--- START ---

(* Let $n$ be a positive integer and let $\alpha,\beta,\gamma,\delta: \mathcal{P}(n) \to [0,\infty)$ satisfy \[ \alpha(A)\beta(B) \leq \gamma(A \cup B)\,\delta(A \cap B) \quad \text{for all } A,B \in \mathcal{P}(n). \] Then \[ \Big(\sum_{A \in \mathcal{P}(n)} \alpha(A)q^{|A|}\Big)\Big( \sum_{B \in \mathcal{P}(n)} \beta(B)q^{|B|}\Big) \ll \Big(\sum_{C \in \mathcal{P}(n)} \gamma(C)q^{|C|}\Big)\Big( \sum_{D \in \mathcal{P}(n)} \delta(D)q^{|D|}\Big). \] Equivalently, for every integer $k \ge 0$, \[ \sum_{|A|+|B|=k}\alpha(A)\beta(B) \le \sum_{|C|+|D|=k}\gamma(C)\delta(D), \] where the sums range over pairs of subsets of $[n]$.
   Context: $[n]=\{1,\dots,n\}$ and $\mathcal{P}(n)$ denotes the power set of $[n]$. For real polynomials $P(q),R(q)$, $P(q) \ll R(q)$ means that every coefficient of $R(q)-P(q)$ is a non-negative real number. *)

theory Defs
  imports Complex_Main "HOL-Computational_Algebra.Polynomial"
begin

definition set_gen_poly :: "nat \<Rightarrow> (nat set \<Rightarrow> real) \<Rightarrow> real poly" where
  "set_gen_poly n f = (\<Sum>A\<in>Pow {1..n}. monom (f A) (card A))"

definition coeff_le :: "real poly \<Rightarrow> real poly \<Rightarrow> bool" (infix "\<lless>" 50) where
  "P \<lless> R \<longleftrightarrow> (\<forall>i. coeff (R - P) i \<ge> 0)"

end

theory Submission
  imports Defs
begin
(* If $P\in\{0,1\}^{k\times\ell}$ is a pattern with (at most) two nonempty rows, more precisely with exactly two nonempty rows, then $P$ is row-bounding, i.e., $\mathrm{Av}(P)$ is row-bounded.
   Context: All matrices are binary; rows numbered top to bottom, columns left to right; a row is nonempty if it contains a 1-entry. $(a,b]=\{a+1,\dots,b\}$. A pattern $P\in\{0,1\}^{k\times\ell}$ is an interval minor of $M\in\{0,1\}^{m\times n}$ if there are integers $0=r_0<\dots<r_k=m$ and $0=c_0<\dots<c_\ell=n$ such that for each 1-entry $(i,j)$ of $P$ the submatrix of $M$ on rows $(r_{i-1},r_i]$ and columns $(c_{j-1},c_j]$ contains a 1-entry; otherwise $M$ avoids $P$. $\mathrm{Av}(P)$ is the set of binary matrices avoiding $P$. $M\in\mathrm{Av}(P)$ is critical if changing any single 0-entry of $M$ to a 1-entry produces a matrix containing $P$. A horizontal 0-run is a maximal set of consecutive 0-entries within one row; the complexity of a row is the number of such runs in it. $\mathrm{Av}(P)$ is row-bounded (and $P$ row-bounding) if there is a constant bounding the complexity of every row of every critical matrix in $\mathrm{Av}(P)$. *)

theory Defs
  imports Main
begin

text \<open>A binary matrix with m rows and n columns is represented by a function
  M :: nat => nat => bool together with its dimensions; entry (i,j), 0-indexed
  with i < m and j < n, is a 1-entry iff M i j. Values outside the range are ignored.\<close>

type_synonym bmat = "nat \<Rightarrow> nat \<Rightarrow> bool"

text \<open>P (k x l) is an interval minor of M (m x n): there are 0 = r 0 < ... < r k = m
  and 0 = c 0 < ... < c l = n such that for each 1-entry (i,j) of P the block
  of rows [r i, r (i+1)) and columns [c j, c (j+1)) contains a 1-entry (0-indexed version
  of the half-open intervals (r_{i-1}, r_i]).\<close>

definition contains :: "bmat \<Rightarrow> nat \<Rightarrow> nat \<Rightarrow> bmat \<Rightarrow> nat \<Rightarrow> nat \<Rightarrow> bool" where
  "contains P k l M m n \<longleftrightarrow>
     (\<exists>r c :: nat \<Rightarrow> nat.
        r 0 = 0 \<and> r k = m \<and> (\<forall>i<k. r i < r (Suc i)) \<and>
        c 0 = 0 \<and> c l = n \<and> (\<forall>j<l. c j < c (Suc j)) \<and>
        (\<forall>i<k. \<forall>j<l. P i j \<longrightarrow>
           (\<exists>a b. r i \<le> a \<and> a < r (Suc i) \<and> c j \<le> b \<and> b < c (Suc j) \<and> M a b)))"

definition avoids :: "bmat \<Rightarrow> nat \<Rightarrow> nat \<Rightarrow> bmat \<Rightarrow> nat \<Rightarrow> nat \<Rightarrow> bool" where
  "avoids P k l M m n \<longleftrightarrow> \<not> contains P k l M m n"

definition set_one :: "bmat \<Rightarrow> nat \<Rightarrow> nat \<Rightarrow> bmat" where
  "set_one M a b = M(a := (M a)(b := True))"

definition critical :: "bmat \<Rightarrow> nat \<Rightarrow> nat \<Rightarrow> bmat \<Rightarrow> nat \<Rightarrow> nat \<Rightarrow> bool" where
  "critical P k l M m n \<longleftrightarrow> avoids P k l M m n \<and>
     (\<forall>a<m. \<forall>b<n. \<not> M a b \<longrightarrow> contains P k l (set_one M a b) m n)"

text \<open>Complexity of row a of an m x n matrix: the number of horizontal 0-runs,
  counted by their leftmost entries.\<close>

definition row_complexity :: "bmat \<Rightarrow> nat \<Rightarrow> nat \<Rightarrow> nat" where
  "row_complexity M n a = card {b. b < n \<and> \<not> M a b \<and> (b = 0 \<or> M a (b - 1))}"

--- END ---

= PROBLEM =
Reproduce the entries above in full, so that each one reads exactly as before.

= ANSWER SPACE =
(* Let $n$ be a positive integer and let $\alpha,\beta,\gamma,\delta: \mathcal{P}(n) \to [0,\infty)$ satisfy \[ \alpha(A)\beta(B) \leq \gamma(A \cup B)\,\delta(A \cap B) \quad \text{for all } A,B \in \mathcal{P}(n). \] Then \[ \Big(\sum_{A \in \mathcal{P}(n)} \alpha(A)q^{|A|}\Big)\Big( \sum_{B \in \mathcal{P}(n)} \beta(B)q^{|B|}\Big) \ll \Big(\sum_{C \in \mathcal{P}(n)} \gamma(C)q^{|C|}\Big)\Big( \sum_{D \in \mathcal{P}(n)} \delta(D)q^{|D|}\Big). \] Equivalently, for every integer $k \ge 0$, \[ \sum_{|A|+|B|=k}\alpha(A)\beta(B) \le \sum_{|C|+|D|=k}\gamma(C)\delta(D), \] where the sums range over pairs of subsets of $[n]$.
   Context: $[n]=\{1,\dots,n\}$ and $\mathcal{P}(n)$ denotes the power set of $[n]$. For real polynomials $P(q),R(q)$, $P(q) \ll R(q)$ means that every coefficient of $R(q)-P(q)$ is a non-negative real number. *)

theory Defs
  imports Complex_Main "HOL-Computational_Algebra.Polynomial"
begin

definition set_gen_poly :: "nat \<Rightarrow> (nat set \<Rightarrow> real) \<Rightarrow> real poly" where
  "set_gen_poly n f = (\<Sum>A\<in>Pow {1..n}. monom (f A) (card A))"

definition coeff_le :: "real poly \<Rightarrow> real poly \<Rightarrow> bool" (infix "\<lless>" 50) where
  "P \<lless> R \<longleftrightarrow> (\<forall>i. coeff (R - P) i \<ge> 0)"

end

theory Submission
  imports Defs
begin
(* If $P\in\{0,1\}^{k\times\ell}$ is a pattern with (at most) two nonempty rows, more precisely with exactly two nonempty rows, then $P$ is row-bounding, i.e., $\mathrm{Av}(P)$ is row-bounded.
   Context: All matrices are binary; rows numbered top to bottom, columns left to right; a row is nonempty if it contains a 1-entry. $(a,b]=\{a+1,\dots,b\}$. A pattern $P\in\{0,1\}^{k\times\ell}$ is an interval minor of $M\in\{0,1\}^{m\times n}$ if there are integers $0=r_0<\dots<r_k=m$ and $0=c_0<\dots<c_\ell=n$ such that for each 1-entry $(i,j)$ of $P$ the submatrix of $M$ on rows $(r_{i-1},r_i]$ and columns $(c_{j-1},c_j]$ contains a 1-entry; otherwise $M$ avoids $P$. $\mathrm{Av}(P)$ is the set of binary matrices avoiding $P$. $M\in\mathrm{Av}(P)$ is critical if changing any single 0-entry of $M$ to a 1-entry produces a matrix containing $P$. A horizontal 0-run is a maximal set of consecutive 0-entries within one row; the complexity of a row is the number of such runs in it. $\mathrm{Av}(P)$ is row-bounded (and $P$ row-bounding) if there is a constant bounding the complexity of every row of every critical matrix in $\mathrm{Av}(P)$. *)

theory Defs
  imports Main
begin

text \<open>A binary matrix with m rows and n columns is represented by a function
  M :: nat => nat => bool together with its dimensions; entry (i,j), 0-indexed
  with i < m and j < n, is a 1-entry iff M i j. Values outside the range are ignored.\<close>

type_synonym bmat = "nat \<Rightarrow> nat \<Rightarrow> bool"

text \<open>P (k x l) is an interval minor of M (m x n): there are 0 = r 0 < ... < r k = m
  and 0 = c 0 < ... < c l = n such that for each 1-entry (i,j) of P the block
  of rows [r i, r (i+1)) and columns [c j, c (j+1)) contains a 1-entry (0-indexed version
  of the half-open intervals (r_{i-1}, r_i]).\<close>

definition contains :: "bmat \<Rightarrow> nat \<Rightarrow> nat \<Rightarrow> bmat \<Rightarrow> nat \<Rightarrow> nat \<Rightarrow> bool" where
  "contains P k l M m n \<longleftrightarrow>
     (\<exists>r c :: nat \<Rightarrow> nat.
        r 0 = 0 \<and> r k = m \<and> (\<forall>i<k. r i < r (Suc i)) \<and>
        c 0 = 0 \<and> c l = n \<and> (\<forall>j<l. c j < c (Suc j)) \<and>
        (\<forall>i<k. \<forall>j<l. P i j \<longrightarrow>
           (\<exists>a b. r i \<le> a \<and> a < r (Suc i) \<and> c j \<le> b \<and> b < c (Suc j) \<and> M a b)))"

definition avoids :: "bmat \<Rightarrow> nat \<Rightarrow> nat \<Rightarrow> bmat \<Rightarrow> nat \<Rightarrow> nat \<Rightarrow> bool" where
  "avoids P k l M m n \<longleftrightarrow> \<not> contains P k l M m n"

definition set_one :: "bmat \<Rightarrow> nat \<Rightarrow> nat \<Rightarrow> bmat" where
  "set_one M a b = M(a := (M a)(b := True))"

definition critical :: "bmat \<Rightarrow> nat \<Rightarrow> nat \<Rightarrow> bmat \<Rightarrow> nat \<Rightarrow> nat \<Rightarrow> bool" where
  "critical P k l M m n \<longleftrightarrow> avoids P k l M m n \<and>
     (\<forall>a<m. \<forall>b<n. \<not> M a b \<longrightarrow> contains P k l (set_one M a b) m n)"

text \<open>Complexity of row a of an m x n matrix: the number of horizontal 0-runs,
  counted by their leftmost entries.\<close>

definition row_complexity :: "bmat \<Rightarrow> nat \<Rightarrow> nat \<Rightarrow> nat" where
  "row_complexity M n a = card {b. b < n \<and> \<not> M a b \<and> (b = 0 \<or> M a (b - 1))}"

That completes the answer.